Exercise
The answer is to be an exact copy of the lines below running from the line with "by (simp add: sum.distrib" down to the line with "F (set_pmf (map_pmf", both ends included, and nothing more.

[Records contained in a dataset]
= = =
lemma shannon_entropy_submodular:
  fixes \<nu> :: "('a \<times> 'b \<times> 'c) pmf"
  assumes fin: "finite (set_pmf \<nu>)"
  shows "shannon_entropy \<nu> + shannon_entropy (map_pmf (\<lambda>(a, b, c). c) \<nu>)
       \<le> shannon_entropy (map_pmf (\<lambda>(a, b, c). (a, c)) \<nu>)
          + shannon_entropy (map_pmf (\<lambda>(a, b, c). (b, c)) \<nu>)"
proof -
  define fa :: "'a \<times> 'b \<times> 'c \<Rightarrow> 'a \<times> 'c" where "fa = (\<lambda>(a, b, c). (a, c))"
  define fb :: "'a \<times> 'b \<times> 'c \<Rightarrow> 'b \<times> 'c" where "fb = (\<lambda>(a, b, c). (b, c))"
  define fc :: "'a \<times> 'b \<times> 'c \<Rightarrow> 'c" where "fc = (\<lambda>(a, b, c). c)"
  define Q where "Q = (\<lambda>w. pmf (map_pmf fa \<nu>) (fa w) * pmf (map_pmf fb \<nu>) (fb w)
                            / pmf (map_pmf fc \<nu>) (fc w))"
  have pos: "pmf \<nu> w > 0" "pmf (map_pmf fa \<nu>) (fa w) > 0" "pmf (map_pmf fb \<nu>) (fb w) > 0"
      "pmf (map_pmf fc \<nu>) (fc w) > 0" if "w \<in> set_pmf \<nu>" for w
    using that by (auto simp: pmf_positive)
  have "(\<Sum>w\<in>set_pmf \<nu>. Q w) \<le> 1"
    using sum_conditionally_independent_le_one[OF fin]
    by (simp add: Q_def fa_def fb_def fc_def split_beta)
  then have "(\<Sum>w\<in>set_pmf \<nu>. pmf \<nu> w * ln (Q w / pmf \<nu> w)) \<le> 0"
    using fin pos by (intro gibbs_inequality) (auto simp: Q_def)
  moreover have "pmf \<nu> w * ln (Q w / pmf \<nu> w) =
      pmf \<nu> w * ln (pmf (map_pmf fa \<nu>) (fa w)) + pmf \<nu> w * ln (pmf (map_pmf fb \<nu>) (fb w))
      - pmf \<nu> w * ln (pmf (map_pmf fc \<nu>) (fc w)) - pmf \<nu> w * ln (pmf \<nu> w)"
    if "w \<in> set_pmf \<nu>" for w
    using pos[OF that] by (simp add: Q_def ln_mult ln_div algebra_simps)
  ultimately have "(\<Sum>w\<in>set_pmf \<nu>. pmf \<nu> w * ln (pmf (map_pmf fa \<nu>) (fa w)))
      + (\<Sum>w\<in>set_pmf \<nu>. pmf \<nu> w * ln (pmf (map_pmf fb \<nu>) (fb w)))
      - (\<Sum>w\<in>set_pmf \<nu>. pmf \<nu> w * ln (pmf (map_pmf fc \<nu>) (fc w)))
      - (\<Sum>w\<in>set_pmf \<nu>. pmf \<nu> w * ln (pmf \<nu> w)) \<le> 0"
    by (simp add: sum.distrib sum_subtractf cong: sum.cong)
  then show ?thesis
    unfolding fa_def[symmetric] fb_def[symmetric] fc_def[symmetric]
      shannon_entropy_map_pmf[OF fin] shannon_entropy_def[of \<nu>]
    by linarith
qed

lemma shannon_entropy_map_determined_by_restrict:
  assumes "\<And>x y. F x = F y \<longleftrightarrow> restrict x B = restrict y B"
  shows "shannon_entropy (map_pmf F q) = ent_coords q B"
proof -
  have F_restrict: "F (restrict x B) = F x" for x
    using assms by simp
  have "map_pmf F q = map_pmf F (map_pmf (\<lambda>x. restrict x B) q)"
    by (simp add: map_pmf_comp F_restrict)
  moreover have "inj_on F (set_pmf (map_pmf (\<lambda>x. restrict x B) q))"
    using assms by (auto simp: inj_on_def)
  ultimately show ?thesis
    by (simp add: ent_coords_def shannon_entropy_map_inj)
qed

lemma ent_coord_eq_ent_coords: "ent_coord q i = ent_coords q {i}"
  unfolding ent_coord_def
  by (rule shannon_entropy_map_determined_by_restrict) (auto simp: fun_eq_iff restrict_def)

lemma ent_coords_empty [simp]: "ent_coords q {} = 0"
proof -
  have "map_pmf (\<lambda>x. restrict x {}) q = return_pmf (\<lambda>_. undefined)"
    by (simp add: restrict_def map_pmf_const)
  then show ?thesis by (simp add: ent_coords_def shannon_entropy_def)
qed

lemma ent_coords_submodular:
  assumes "finite (set_pmf q)"
  shows "ent_coords q N + ent_coords q (insert i (insert j N))
       \<le> ent_coords q (insert i N) + ent_coords q (insert j N)"
proof -
  define \<nu> where "\<nu> = map_pmf (\<lambda>x. (x i, x j, restrict x N)) q"
  have "shannon_entropy \<nu> = ent_coords q (insert i (insert j N))"
    unfolding \<nu>_def
    by (rule shannon_entropy_map_determined_by_restrict) (auto simp: fun_eq_iff restrict_def)
  moreover have "shannon_entropy (map_pmf (\<lambda>(a, b, c). (a, c)) \<nu>) = ent_coords q (insert i N)"
    unfolding \<nu>_def map_pmf_comp
    by (rule shannon_entropy_map_determined_by_restrict) (auto simp: fun_eq_iff restrict_def)
  moreover have "shannon_entropy (map_pmf (\<lambda>(a, b, c). (b, c)) \<nu>) = ent_coords q (insert j N)"
    unfolding \<nu>_def map_pmf_comp
    by (rule shannon_entropy_map_determined_by_restrict) (auto simp: fun_eq_iff restrict_def)
  moreover have "shannon_entropy (map_pmf (\<lambda>(a, b, c). c) \<nu>) = ent_coords q N"
    by (simp add: \<nu>_def map_pmf_comp ent_coords_def)
  ultimately show ?thesis
    using shannon_entropy_submodular[of \<nu>] assms by (simp add: \<nu>_def)
qed

section \<open>The multilinear extension of a set function\<close>

definition multilinear_ext :: "'i set \<Rightarrow> ('i set \<Rightarrow> real) \<Rightarrow> real \<Rightarrow> real" where
  "multilinear_ext A g p = (\<Sum>N\<in>Pow A. p ^ card N * (1 - p) ^ (card A - card N) * g N)"

lemma multilinear_ext_empty [simp]: "multilinear_ext {} g p = g {}"
  by (simp add: multilinear_ext_def)

lemma multilinear_ext_insert:
  assumes fin: "finite A" and a: "a \<notin> A"
  shows "multilinear_ext (insert a A) g p =
    p * multilinear_ext A (\<lambda>N. g (insert a N)) p + (1 - p) * multilinear_ext A g p"
proof -
  let ?w = "\<lambda>N. p ^ card N * (1 - p) ^ (Suc (card A) - card N) * g N"
  have inj: "inj_on (insert a) (Pow A)" using a by (auto simp: inj_on_def)
  have "multilinear_ext (insert a A) g p = (\<Sum>N\<in>Pow A. ?w N) + (\<Sum>N\<in>insert a ` Pow A. ?w N)"
    unfolding multilinear_ext_def Pow_insert using fin a
    by (subst sum.union_disjoint) auto
  also have "(\<Sum>N\<in>insert a ` Pow A. ?w N)
     = (\<Sum>N\<in>Pow A. p * (p ^ card N * (1 - p) ^ (card A - card N) * g (insert a N)))"
    unfolding sum.reindex[OF inj]
  proof (intro sum.cong refl)
    fix N assume "N \<in> Pow A"
    then have "finite N" "a \<notin> N" using fin a finite_subset by auto
    then show "(?w \<circ> insert a) N = p * (p ^ card N * (1 - p) ^ (card A - card N) * g (insert a N))"
      by simp
  qed
  also have "(\<Sum>N\<in>Pow A. ?w N)
     = (\<Sum>N\<in>Pow A. (1 - p) * (p ^ card N * (1 - p) ^ (card A - card N) * g N))"
  proof (intro sum.cong refl)
    fix N assume "N \<in> Pow A"
    then have "Suc (card A) - card N = Suc (card A - card N)"
      using fin by (auto intro: card_mono Suc_diff_le)
    then show "?w N = (1 - p) * (p ^ card N * (1 - p) ^ (card A - card N) * g N)" by simp
  qed
  finally show ?thesis by (simp add: multilinear_ext_def sum_distrib_left)
qed

lemma multilinear_ext_diff:
  "multilinear_ext A (\<lambda>N. f N - g N) p = multilinear_ext A f p - multilinear_ext A g p"
  by (simp add: multilinear_ext_def sum_subtractf algebra_simps)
= = =
Written response
    by (simp add: sum.distrib sum_subtractf cong: sum.cong)
  then show ?thesis
    unfolding fa_def[symmetric] fb_def[symmetric] fc_def[symmetric]
      shannon_entropy_map_pmf[OF fin] shannon_entropy_def[of \<nu>]
    by linarith
qed

lemma shannon_entropy_map_determined_by_restrict:
  assumes "\<And>x y. F x = F y \<longleftrightarrow> restrict x B = restrict y B"
  shows "shannon_entropy (map_pmf F q) = ent_coords q B"
proof -
  have F_restrict: "F (restrict x B) = F x" for x
    using assms by simp
  have "map_pmf F q = map_pmf F (map_pmf (\<lambda>x. restrict x B) q)"
    by (simp add: map_pmf_comp F_restrict)
  moreover have "inj_on F (set_pmf (map_pmf (\<lambda>x. restrict x B) q))"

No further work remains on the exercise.